Through factor analysis, we found that the scale has good reliability and validity. The EFA results (see Table 2) showed that the explanation rate of the cumulative variance after rotation was 70.7%, which was greater than 50%, indicating that the amount of information of the item can be effectively extracted. Meanwhile, the Cronbach’s alpha values of each of the factors was close to or over 0.9, and the Cronbach’s alpha value of the scale was 0.958, suggesting good reliability and high internal consistency for each factor and the scale as a whole (Gliem and Gliem, 2003). The Health Behavior Scale comprises four distinctive dimensions: mastering and applying healthy behavior knowledge, exercise awareness and habits, environment adaptation, and emotional regulation. This is consistent with the point of view put forward by the Physical Education and Health Curriculum Standard (2017 edition).

Regarding the goodness-of-fit of the health behavior model (see Table 3), the indices represent a relatively good fit of the model based on the reported criteria (Hu and Bentler, 1999). Bentler and Bonnet suggest the CMIN/DF as an appropriate measure of model fit, which should not exceed 5 (Bentler and Bonett, 1980). If the CMIN/DF is between 1 and 3, it means that the model fits well, while if the value is less than 5, it means the value in an acceptable range (Marsh et al., 1988). Besides this, the factor loadings ranged between 0.53 and 0.88 and were significant, indicating a good relationship between the observed variable and latent variable. Discriminant validity, along with convergent validity, is a subtype of construct validity (Cronbach and Meehl, 1955).

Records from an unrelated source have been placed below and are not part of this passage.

definition ccdf_rv :: "'a measure \<Rightarrow> ('a \<Rightarrow> ereal) \<Rightarrow> ereal \<Rightarrow> real" where
  "ccdf_rv M X x = 1 - ecdf_rv M X x"

definition approx_dom ::
  "'b measure \<Rightarrow> ('b \<Rightarrow> ereal) \<Rightarrow> 'a measure \<Rightarrow> ('a \<Rightarrow> ereal) \<Rightarrow> real \<Rightarrow> real \<Rightarrow> bool" where
  "approx_dom MV V MU U \<alpha> \<beta> \<longleftrightarrow>
     (\<forall>x::ereal. ccdf_rv MV V x \<le> ccdf_rv MU U (x - ereal \<alpha>) + \<beta>)"

end

theory Submission
  imports Defs
begin

text \<open>Translate the dominance hypotheses into statements about the laws P_i of V_i and
  Q_i of U_i + \<alpha>_i, namely P_i(y,\<infinity>] \<le> Q_i(y,\<infinity>] + \<beta>_i for every y. By independence the laws
  of V1 + V2 and U1 + U2 + \<alpha>1 + \<alpha>2 are the images of P1 \<otimes> P2 and Q1 \<otimes> Q2 under
  addition. Replacing first P1 by Q1 and then P2 by Q2 in the product changes the measure
  of the event {x < a + b} by at most \<beta>1 and \<beta>2 respectively (Fubini), because all
  sections of this event are tails of the extended real line; the only section that is not an
  open ray {y<..} is {\<infinity>} (from b = -\<infinity>), which is handled by continuity from above.\<close>

lemma ennreal_le_add_iff_le_add:
  assumes "0 \<le> a" "0 \<le> b" "0 \<le> c"
  shows "ennreal a \<le> ennreal b + ennreal c \<longleftrightarrow> a \<le> b + c"
  using assms by (simp add: ennreal_plus[symmetric] del: ennreal_plus)

lemma emeasure_pair_le_of_sections_snd:
  assumes M1: "prob_space M1" and M2: "sigma_finite_measure M2"
    and M2': "sigma_finite_measure M2'" and sets: "sets M2' = sets M2"
    and A: "A \<in> sets (M1 \<Otimes>\<^sub>M M2)"
    and le: "\<And>x. x \<in> space M1 \<Longrightarrow> emeasure M2 (Pair x -` A) \<le> emeasure M2' (Pair x -` A) + c"
  shows "emeasure (M1 \<Otimes>\<^sub>M M2) A \<le> emeasure (M1 \<Otimes>\<^sub>M M2') A + c"
proof -
  have A': "A \<in> sets (M1 \<Otimes>\<^sub>M M2')"
    using A by (simp add: sets_pair_measure_cong[OF refl sets])
  have "emeasure (M1 \<Otimes>\<^sub>M M2) A = (\<integral>\<^sup>+x. emeasure M2 (Pair x -` A) \<partial>M1)"
    by (rule sigma_finite_measure.emeasure_pair_measure_alt[OF M2 A])
  also have "\<dots> \<le> (\<integral>\<^sup>+x. emeasure M2' (Pair x -` A) + c \<partial>M1)"
    by (intro nn_integral_mono le)
  also have "\<dots> = (\<integral>\<^sup>+x. emeasure M2' (Pair x -` A) \<partial>M1) + c"
    using sigma_finite_measure.measurable_emeasure_Pair[OF M2' A']
    by (simp add: nn_integral_add prob_space.emeasure_space_1[OF M1])
  also have "(\<integral>\<^sup>+x. emeasure M2' (Pair x -` A) \<partial>M1) = emeasure (M1 \<Otimes>\<^sub>M M2') A"
    by (rule sigma_finite_measure.emeasure_pair_measure_alt[OF M2' A', symmetric])
  finally show ?thesis .
qed

lemma emeasure_pair_le_of_sections_fst:
  assumes M1: "sigma_finite_measure M1" and M1': "sigma_finite_measure M1'"
    and sets: "sets M1' = sets M1" and M2: "prob_space M2"
    and A: "A \<in> sets (M1 \<Otimes>\<^sub>M M2)"
    and le: "\<And>y. y \<in> space M2 \<Longrightarrow>
      emeasure M1 ((\<lambda>x. (x, y)) -` A) \<le> emeasure M1' ((\<lambda>x. (x, y)) -` A) + c"
  shows "emeasure (M1 \<Otimes>\<^sub>M M2) A \<le> emeasure (M1' \<Otimes>\<^sub>M M2) A + c"
proof -
  interpret M2: prob_space M2 by fact
  interpret M: pair_sigma_finite M1 M2
    using M1 M2.sigma_finite_measure_axioms by (rule pair_sigma_finite.intro)
  interpret M': pair_sigma_finite M1' M2
    using M1' M2.sigma_finite_measure_axioms by (rule pair_sigma_finite.intro)
  have A': "A \<in> sets (M1' \<Otimes>\<^sub>M M2)"
    using A by (simp add: sets_pair_measure_cong[OF sets refl])
  have "emeasure (M1 \<Otimes>\<^sub>M M2) A = (\<integral>\<^sup>+y. emeasure M1 ((\<lambda>x. (x, y)) -` A) \<partial>M2)"
    by (rule M.emeasure_pair_measure_alt2[OF A])
  also have "\<dots> \<le> (\<integral>\<^sup>+y. emeasure M1' ((\<lambda>x. (x, y)) -` A) + c \<partial>M2)"
    by (intro nn_integral_mono le)
  also have "\<dots> = (\<integral>\<^sup>+y. emeasure M1' ((\<lambda>x. (x, y)) -` A) \<partial>M2) + c"
    using M'.measurable_emeasure_Pair2[OF A'] by (simp add: nn_integral_add M2.emeasure_space_1)
  also have "(\<integral>\<^sup>+y. emeasure M1' ((\<lambda>x. (x, y)) -` A) \<partial>M2) = emeasure (M1' \<Otimes>\<^sub>M M2) A"
    by (rule M'.emeasure_pair_measure_alt2[OF A', symmetric])
  finally show ?thesis .
qed

lemma measure_pair_le_of_sections:
  assumes P1: "prob_space P1" and Q1: "prob_space Q1" and P2: "prob_space P2" and Q2: "prob_space Q2"
    and sets1: "sets Q1 = sets P1" and sets2: "sets Q2 = sets P2"
    and A: "A \<in> sets (P1 \<Otimes>\<^sub>M P2)" and "0 \<le> \<beta>1" "0 \<le> \<beta>2"
    and le1: "\<And>y. y \<in> space P2 \<Longrightarrow>
      measure P1 ((\<lambda>x. (x, y)) -` A) \<le> measure Q1 ((\<lambda>x. (x, y)) -` A) + \<beta>1"
    and le2: "\<And>x. x \<in> space Q1 \<Longrightarrow> measure P2 (Pair x -` A) \<le> measure Q2 (Pair x -` A) + \<beta>2"
  shows "measure (P1 \<Otimes>\<^sub>M P2) A \<le> measure (Q1 \<Otimes>\<^sub>M Q2) A + (\<beta>1 + \<beta>2)"
proof -
  note prob = P1 Q1 P2 Q2 prob_space_pair[OF P1 P2] prob_space_pair[OF Q1 Q2]
  note emeasure_eq = prob[THEN prob_space.axioms(1), THEN finite_measure.emeasure_eq_measure]
  have A': "A \<in> sets (Q1 \<Otimes>\<^sub>M P2)"
    using A by (simp add: sets_pair_measure_cong[OF sets1 refl])
  have "emeasure (P1 \<Otimes>\<^sub>M P2) A \<le> emeasure (Q1 \<Otimes>\<^sub>M P2) A + ennreal \<beta>1"
    using prob le1 \<open>0 \<le> \<beta>1\<close>
    by (intro emeasure_pair_le_of_sections_fst[OF _ _ sets1 P2 A])
       (auto simp: prob_space_imp_sigma_finite emeasure_eq ennreal_le_add_iff_le_add)
  also have "emeasure (Q1 \<Otimes>\<^sub>M P2) A \<le> emeasure (Q1 \<Otimes>\<^sub>M Q2) A + ennreal \<beta>2"
    using prob le2 \<open>0 \<le> \<beta>2\<close>
    by (intro emeasure_pair_le_of_sections_snd[OF Q1 _ _ sets2 A'])
       (auto simp: prob_space_imp_sigma_finite emeasure_eq ennreal_le_add_iff_le_add)
  finally show ?thesis
    using prob \<open>0 \<le> \<beta>1\<close> \<open>0 \<le> \<beta>2\<close>
    by (simp add: emeasure_eq ennreal_plus[symmetric] add.assoc add.commute
        del: ennreal_plus)
qed

definition tail_dominated :: "ereal measure \<Rightarrow> ereal measure \<Rightarrow> real \<Rightarrow> bool" where
  "tail_dominated P Q \<beta> \<longleftrightarrow> (\<forall>y. measure P {y<..} \<le> measure Q {y<..} + \<beta>)"

lemma tail_dominated_singleton_infinity:
  assumes P: "prob_space P" and Q: "prob_space Q"
    and sP: "sets P = sets borel" and sQ: "sets Q = sets borel"
    and dom: "tail_dominated P Q \<beta>"
  shows "measure P {\<infinity>} \<le> measure Q {\<infinity>} + \<beta>"
proof -
  interpret P: prob_space P by fact
  interpret Q: prob_space Q by fact
  define A where "A n = {ereal (real n)<..}" for n :: nat
  have "decseq A"
    by (auto simp: decseq_def A_def intro: le_less_trans)
  have sets: "range A \<subseteq> sets P" "range A \<subseteq> sets Q"
    by (auto simp: A_def sP sQ)
  have "x \<notin> (\<Inter>n. A n)" if "x \<noteq> \<infinity>" for x
  proof -
    obtain n :: nat where "x \<le> ereal (real n)"
      using \<open>x \<noteq> \<infinity>\<close> by (cases x) (auto intro: real_nat_ceiling_ge)
    then have "x \<notin> A n"
      by (simp add: A_def not_less)
    then show ?thesis by blast
  qed
  then have "(\<Inter>n. A n) = {\<infinity>}"
    by (auto simp: A_def)
  then have "(\<lambda>n. measure P (A n)) \<longlonglongrightarrow> measure P {\<infinity>}"
    and "(\<lambda>n. measure Q (A n) + \<beta>) \<longlonglongrightarrow> measure Q {\<infinity>} + \<beta>"
    using P.finite_Lim_measure_decseq[OF sets(1) \<open>decseq A\<close>]
      Q.finite_Lim_measure_decseq[OF sets(2) \<open>decseq A\<close>]
    by (auto intro: tendsto_add)
  then show ?thesis
    by (rule LIMSEQ_le) (use dom in \<open>auto simp: A_def tail_dominated_def\<close>)
qed

lemma tail_dominated_add_section:
  assumes P: "prob_space P" and Q: "prob_space Q"
    and sP: "sets P = sets borel" and sQ: "sets Q = sets borel"
    and dom: "tail_dominated P Q \<beta>" and "0 \<le> \<beta>"
  shows "measure P {a. x < a + b} \<le> measure Q {a. x < a + b} + \<beta>"
proof (cases "x = \<infinity>")
  case False
  show ?thesis
  proof (cases b)
    case (real r)
    then have "{a. x < a + b} = {x - ereal r<..}"
      by (auto simp: ereal_minus_less_iff)
    then show ?thesis
      using dom by (simp add: tail_dominated_def)
  next
    case PInf
    then have "{a. x < a + b} = space P" "{a. x < a + b} = space Q"
      using False sets_eq_imp_space_eq[OF sP] sets_eq_imp_space_eq[OF sQ] by auto
    then show ?thesis
      using \<open>0 \<le> \<beta>\<close> prob_space.prob_space[OF P] prob_space.prob_space[OF Q] by simp
  next
    case MInf
    have "x < a + b \<longleftrightarrow> a = \<infinity>" for a
      using MInf False by (cases a) auto
    then have "{a. x < a + b} = {\<infinity>}"
      by auto
    then show ?thesis
      using tail_dominated_singleton_infinity[OF P Q sP sQ dom] by simp
  qed
qed (use \<open>0 \<le> \<beta>\<close> in simp)

lemma tail_dominated_sum:
  assumes P1: "prob_space P1" and Q1: "prob_space Q1" and P2: "prob_space P2" and Q2: "prob_space Q2"
    and sets: "sets P1 = sets borel" "sets Q1 = sets borel" "sets P2 = sets borel" "sets Q2 = sets borel"
    and dom1: "tail_dominated P1 Q1 \<beta>1" and dom2: "tail_dominated P2 Q2 \<beta>2"
    and "0 \<le> \<beta>1" "0 \<le> \<beta>2"
  shows "tail_dominated (distr (P1 \<Otimes>\<^sub>M P2) borel (\<lambda>(a, b). a + b))
    (distr (Q1 \<Otimes>\<^sub>M Q2) borel (\<lambda>(a, b). a + b)) (\<beta>1 + \<beta>2)"
  unfolding tail_dominated_def
proof
  fix x :: ereal
  define A where "A = {(a, b). x < a + b}"
  have A_borel: "A \<in> sets (borel \<Otimes>\<^sub>M borel)"
  proof -
    have "{p \<in> space (borel \<Otimes>\<^sub>M borel). x < fst p + snd p} \<in> sets (borel \<Otimes>\<^sub>M (borel :: ereal measure))"
      by measurable
    then show ?thesis
      by (simp add: A_def space_pair_measure case_prod_beta')
  qed
  have distr_eq: "measure (distr (P \<Otimes>\<^sub>M Q) borel (\<lambda>(a, b). a + b)) {x<..} = measure (P \<Otimes>\<^sub>M Q) A"
    if "sets P = sets borel" "sets Q = sets borel" for P Q :: "ereal measure"
    using that by (subst measure_distr)
      (auto simp: A_def space_pair_measure sets_pair_measure_cong[OF that] sets_eq_imp_space_eq
        intro!: arg_cong[where f="measure (P \<Otimes>\<^sub>M Q)"])
  have "measure (P1 \<Otimes>\<^sub>M P2) A \<le> measure (Q1 \<Otimes>\<^sub>M Q2) A + (\<beta>1 + \<beta>2)"
  proof (rule measure_pair_le_of_sections[OF P1 Q1 P2 Q2])
    show "A \<in> sets (P1 \<Otimes>\<^sub>M P2)"
      using A_borel by (simp add: sets_pair_measure_cong[OF sets(1,3)])
    show "measure P1 ((\<lambda>a. (a, b)) -` A) \<le> measure Q1 ((\<lambda>a. (a, b)) -` A) + \<beta>1" for b
      using tail_dominated_add_section[OF P1 Q1 sets(1,2) dom1 \<open>0 \<le> \<beta>1\<close>]
      by (simp add: A_def)
    show "measure P2 (Pair a -` A) \<le> measure Q2 (Pair a -` A) + \<beta>2" for a
      using tail_dominated_add_section[OF P2 Q2 sets(3,4) dom2 \<open>0 \<le> \<beta>2\<close>, of x a]
      by (simp add: A_def add.commute)
  qed (use sets \<open>0 \<le> \<beta>1\<close> \<open>0 \<le> \<beta>2\<close> in auto)
  then show "measure (distr (P1 \<Otimes>\<^sub>M P2) borel (\<lambda>(a, b). a + b)) {x<..}
      \<le> measure (distr (Q1 \<Otimes>\<^sub>M Q2) borel (\<lambda>(a, b). a + b)) {x<..} + (\<beta>1 + \<beta>2)"
    using sets by (simp add: distr_eq)
qed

Discriminant validity shows that two measures that are not supposed to be related are unrelated. Convergent validity takes two measures that are supposed to be measuring the same construct and shows that they are related. In short, discriminant validity focuses on inter-factor correlations, while convergent validity focuses on inter-item correlations. The discriminant validity was established if the inter-test correlation was low, and the convergent validity was established if the inter-item correlation was high. The results of convergent validity (see Table 4) and discriminant validity (see Table 5) suggested that the construct validity of the scale was acceptable. Discriminant validity can be evaluated by comparing the correlation between the same constructs and the square root of AVE for any two constructs (Abdullah et al., 2013; Purnomo, 2017). The absolute values of the correlation coefficients were all less than 0.5, and less than the square root of the corresponding AVE, which indicated that there was a correlation between the latent variables and a certain degree of discrimination between them. This demonstrated that the discriminant validity of the scale was ideal. As can be seen in Table 5, the scale has adequate discriminant validity.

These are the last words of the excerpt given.